For the entries that follow, restate word for word the line containing "by (rule Inf_greatest)", the line containing "x \<Longrightarrow> V", and every line that lies between them.

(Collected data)
+ + +

lemma fixed_point_iff_ge_threshold:
  fixes f :: "real \<Rightarrow> real"
  assumes cont: "continuous_on {0..} f"
    and ge: "\<And>q. q \<in> \<rat> \<Longrightarrow> 0 < q \<Longrightarrow> q \<le> f q"
    and gap_antimono: "\<And>q q'. q \<in> \<rat> \<Longrightarrow> q' \<in> \<rat> \<Longrightarrow> 0 < q \<Longrightarrow> q \<le> q' \<Longrightarrow> f q' - q' \<le> f q - q"
    and above: "\<And>q. q \<in> \<rat> \<Longrightarrow> 0 < q \<Longrightarrow> m < q \<Longrightarrow> f q \<le> q"
    and below: "\<And>q. q \<in> \<rat> \<Longrightarrow> 0 < q \<Longrightarrow> q < m \<Longrightarrow> q < f q"
    and "0 \<le> x"
  shows "f x = x \<longleftrightarrow> m \<le> x"
proof -
  have cont_gap: "continuous_on {x..b} (\<lambda>y. f y - y)" "continuous_on {x..b} (\<lambda>y. y - f y)" for b
  proof -
    have "continuous_on {x..b} f" by (rule continuous_on_subset[OF cont]) (use \<open>0 \<le> x\<close> in auto)
    then show "continuous_on {x..b} (\<lambda>y. f y - y)" "continuous_on {x..b} (\<lambda>y. y - f y)"
      by (auto intro: continuous_on_diff continuous_on_id)
  qed
  show ?thesis
  proof
    assume fixed: "f x = x"
    show "m \<le> x"
    proof (rule ccontr)
      assume "\<not> m \<le> x"
      then obtain q where q: "q \<in> \<rat>" "x < q" "q < m" using Rats_dense_in_real[of x m] by auto
      have "f q - q \<le> f x - x"
      proof (rule continuous_ge_at_left_end_from_rats[OF cont_gap(1) \<open>x < q\<close>])
        fix r assume "r \<in> \<rat>" "x < r" "r < q"
        then show "f q - q \<le> f r - r" using gap_antimono[of r q] q(1) \<open>0 \<le> x\<close> by simp
      qed
      with below[OF q(1) _ q(3)] fixed q(2) \<open>0 \<le> x\<close> show False by simp
    qed
  next
    assume "m \<le> x"
    have "0 \<le> f x - x"
    proof (rule continuous_ge_at_left_end_from_rats[OF cont_gap(1), of "x + 1"])
      fix r assume "r \<in> \<rat>" "x < r"
      then show "0 \<le> f r - r" using ge[of r] \<open>0 \<le> x\<close> by simp
    qed simp
    moreover have "0 \<le> x - f x"
    proof (rule continuous_ge_at_left_end_from_rats[OF cont_gap(2), of "x + 1"])
      fix r assume "r \<in> \<rat>" "x < r"
      then show "0 \<le> r - f r" using above[of r] \<open>0 \<le> x\<close> \<open>m \<le> x\<close> by simp
    qed simp
    ultimately show "f x = x" by simp
  qed
qed

lemma eventually_Inf_le_minus_eq_Inf_less:
  fixes a :: "nat \<Rightarrow> real"
  shows "\<forall>\<^sub>F \<delta> in at_right 0.
           Inf {enat n | n. P n \<and> a n \<le> m - \<delta>} = Inf {enat n | n. P n \<and> a n < m}"
proof (cases "\<exists>n. P n \<and> a n < m")
  case False
  have "\<forall>\<^sub>F \<delta> in at_right (0::real). 0 < \<delta>" by (rule eventually_at_right_less)
  then show ?thesis
    by eventually_elim (use False in \<open>auto intro!: arg_cong[where f = Inf]\<close>)
next
  case True
  define s where "s = (LEAST n. P n \<and> a n < m)"
  have s: "P s" "a s < m" and s_least: "\<And>n. P n \<Longrightarrow> a n < m \<Longrightarrow> s \<le> n"
    using LeastI_ex[OF True] Least_le[of "\<lambda>n. P n \<and> a n < m"] unfolding s_def by auto
  have "\<forall>\<^sub>F \<delta> in at_right (0::real). \<delta> \<in> {0<..<m - a s}"
    using s(2) by (intro eventually_at_right_real) simp
  then show ?thesis
  proof eventually_elim
    case (elim \<delta>)
    have "Inf {enat n | n. P n \<and> a n \<le> m - \<delta>} \<le> enat s"
      by (rule Inf_lower) (use s elim in auto)
    also have "\<dots> \<le> Inf {enat n | n. P n \<and> a n < m}"
      by (rule Inf_greatest) (use s_least in auto)
    finally show ?case
      by (rule antisym, intro Inf_superset_mono) (use elim in force)
  qed
qed

lemma sigma_hit_index_min:
  fixes V :: "nat \<Rightarrow> real \<Rightarrow> 'a \<Rightarrow> real" and Mi :: "nat \<Rightarrow> 'a \<Rightarrow> real"
  assumes fixed_iff: "\<And>u x. 0 \<le> x \<Longrightarrow> V u x \<omega> = x \<longleftrightarrow> Mi u \<omega> \<le> x"
    and Mi_pos: "\<And>u. 0 < Mi u \<omega>" and "t \<le> \<theta>"
  shows "sigma_hit V t (index_min Mi t \<theta> \<omega>) \<omega> \<le> enat \<theta> \<and>
         enat \<theta> < sigma_hit_left V t (index_min Mi t \<theta> \<omega>) \<omega>"
proof -
  define m where "m = index_min Mi t \<theta> \<omega>"
  have finite_ne: "finite ((\<lambda>u. Mi u \<omega>) ` {t..\<theta>})" "(\<lambda>u. Mi u \<omega>) ` {t..\<theta>} \<noteq> {}"
    using \<open>t \<le> \<theta>\<close> by auto
  obtain u0 where u0: "u0 \<in> {t..\<theta>}" "Mi u0 \<omega> = m"
    using Min_in[OF finite_ne] unfolding m_def index_min_def by auto
  have m_le: "m \<le> Mi u \<omega>" if "u \<in> {t..\<theta>}" for u
    using finite_ne that unfolding m_def index_min_def by simp
  have "0 < m" using u0 Mi_pos by metis
  have sigma_eq: "sigma_hit V t x \<omega> = Inf {enat n | n. t \<le> n \<and> Mi n \<omega> \<le> x}" if "0 \<le> x" for x
    unfolding sigma_hit_def using fixed_iff[OF that] by metis
  have "sigma_hit V t m \<omega> \<le> enat u0"
    unfolding sigma_eq[OF less_imp_le[OF \<open>0 < m\<close>]] by (rule Inf_lower) (use u0 in auto)
  also have "\<dots> \<le> enat \<theta>" using u0 by simp
  finally have hit: "sigma_hit V t m \<omega> \<le> enat \<theta>" .
  let ?first_below = "Inf {enat n | n. t \<le> n \<and> Mi n \<omega> < m}"
  have "\<forall>\<^sub>F \<delta> in at_right 0. sigma_hit V t (m - \<delta>) \<omega> = ?first_below"
    using eventually_Inf_le_minus_eq_Inf_less[of "\<lambda>n. t \<le> n" "\<lambda>n. Mi n \<omega>" m]
      eventually_at_right_real[OF \<open>0 < m\<close>]
    by eventually_elim (simp add: sigma_eq)
  then have left: "sigma_hit_left V t m \<omega> = ?first_below"
    unfolding sigma_hit_left_def by (rule tendsto_Lim[OF trivial_limit_at_right_real tendsto_eventually])
  have "\<theta> < n" if "t \<le> n" "Mi n \<omega> < m" for n
    using m_le[of n] that by force
  then have "enat (Suc \<theta>) \<le> ?first_below"
    by (auto intro!: Inf_greatest simp: Suc_le_eq)
  with hit left show ?thesis
    unfolding m_def by (metis Suc_ile_eq)
qed

lemma is_ess_sup_measurable: "is_ess_sup M G Xs W \<Longrightarrow> W \<in> borel_measurable G"
  unfolding is_ess_sup_def by blast

lemma is_ess_sup_upper: "is_ess_sup M G Xs W \<Longrightarrow> X \<in> Xs \<Longrightarrow> AE \<omega> in M. X \<omega> \<le> W \<omega>"
  unfolding is_ess_sup_def by blast

lemma is_ess_sup_least:
  "is_ess_sup M G Xs W \<Longrightarrow> Z \<in> borel_measurable G \<Longrightarrow> (\<And>X. X \<in> Xs \<Longrightarrow> AE \<omega> in M. X \<omega> \<le> Z \<omega>)
    \<Longrightarrow> AE \<omega> in M. W \<omega> \<le> Z \<omega>"
  unfolding is_ess_sup_def by blast

lemma stopping_from_const:
  assumes "\<And>n. subalgebra M (F n)" and "t \<le> k"
  shows "stopping_from M F t (\<lambda>_. enat k)"
  unfolding stopping_from_def
proof safe
  fix n
  have "space M \<in> sets (F n)" using assms(1)[of n] sets.top[of "F n"] by (simp add: subalgebra_def)
  then show "{\<omega> \<in> space M. enat k = enat n} \<in> sets (F n)"
    by (cases "k = n") auto
qed (use assms(2) in simp)

lemma stopping_from_measurable:
  assumes sub: "\<And>n. subalgebra M (F n)" and "stopping_from M F t \<tau>"
  shows "\<tau> \<in> measurable M (count_space UNIV)"
proof -
  have finite_time: "{\<omega>\<in>space M. \<tau> \<omega> = enat n} \<in> sets M" for n
    using assms sub[of n] unfolding stopping_from_def subalgebra_def by blast
  have "{\<omega>\<in>space M. \<tau> \<omega> = \<infinity>} = space M - (\<Union>n. {\<omega>\<in>space M. \<tau> \<omega> = enat n})"
    using not_infinity_eq by auto
  then have "{\<omega>\<in>space M. \<tau> \<omega> = \<infinity>} \<in> sets M" using finite_time by auto
  then have "{\<omega>\<in>space M. \<tau> \<omega> = i} \<in> sets M" for i
    using finite_time by (cases i) simp_all
  moreover have "\<tau> -` {i} \<inter> space M = {\<omega>\<in>space M. \<tau> \<omega> = i}" for i by auto
  ultimately show ?thesis by (simp add: measurable_count_space_eq2_countable)
qed

lemma payoff_cong: "m \<omega> = m' \<omega> \<Longrightarrow> payoff \<beta> h t m \<tau> \<omega> = payoff \<beta> h t m' \<tau> \<omega>"
  by (simp add: payoff_def split: enat.split)

lemma ennreal_mult_le_add_excess:
  fixes x q b :: real
  assumes "0 \<le> q" "0 \<le> b" "b \<le> 1"
  shows "ennreal (x * b) \<le> ennreal (q * b) + ennreal (x - q)"
proof (cases "x \<le> q")
  case True
  then have "ennreal (x * b) \<le> ennreal (q * b)" using assms by (intro ennreal_leI mult_right_mono)
  then show ?thesis by (intro add_increasing2) auto
next
  case False
  have "x * b \<le> q * b + (x - q)"
    using mult_left_le[of b "x - q"] False assms by (simp add: algebra_simps)
  then have "ennreal (x * b) \<le> ennreal (q * b + (x - q))" by (rule ennreal_leI)
  also have "\<dots> = ennreal (q * b) + ennreal (x - q)"
    using False assms by (intro ennreal_plus) auto
  finally show ?thesis .
qed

+ + +

● **Expected answer**
      by (rule Inf_greatest) (use s_least in auto)
    finally show ?case
      by (rule antisym, intro Inf_superset_mono) (use elim in force)
  qed
qed

lemma sigma_hit_index_min:
  fixes V :: "nat \<Rightarrow> real \<Rightarrow> 'a \<Rightarrow> real" and Mi :: "nat \<Rightarrow> 'a \<Rightarrow> real"
  assumes fixed_iff: "\<And>u x. 0 \<le> x \<Longrightarrow> V u x \<omega> = x \<longleftrightarrow> Mi u \<omega> \<le> x"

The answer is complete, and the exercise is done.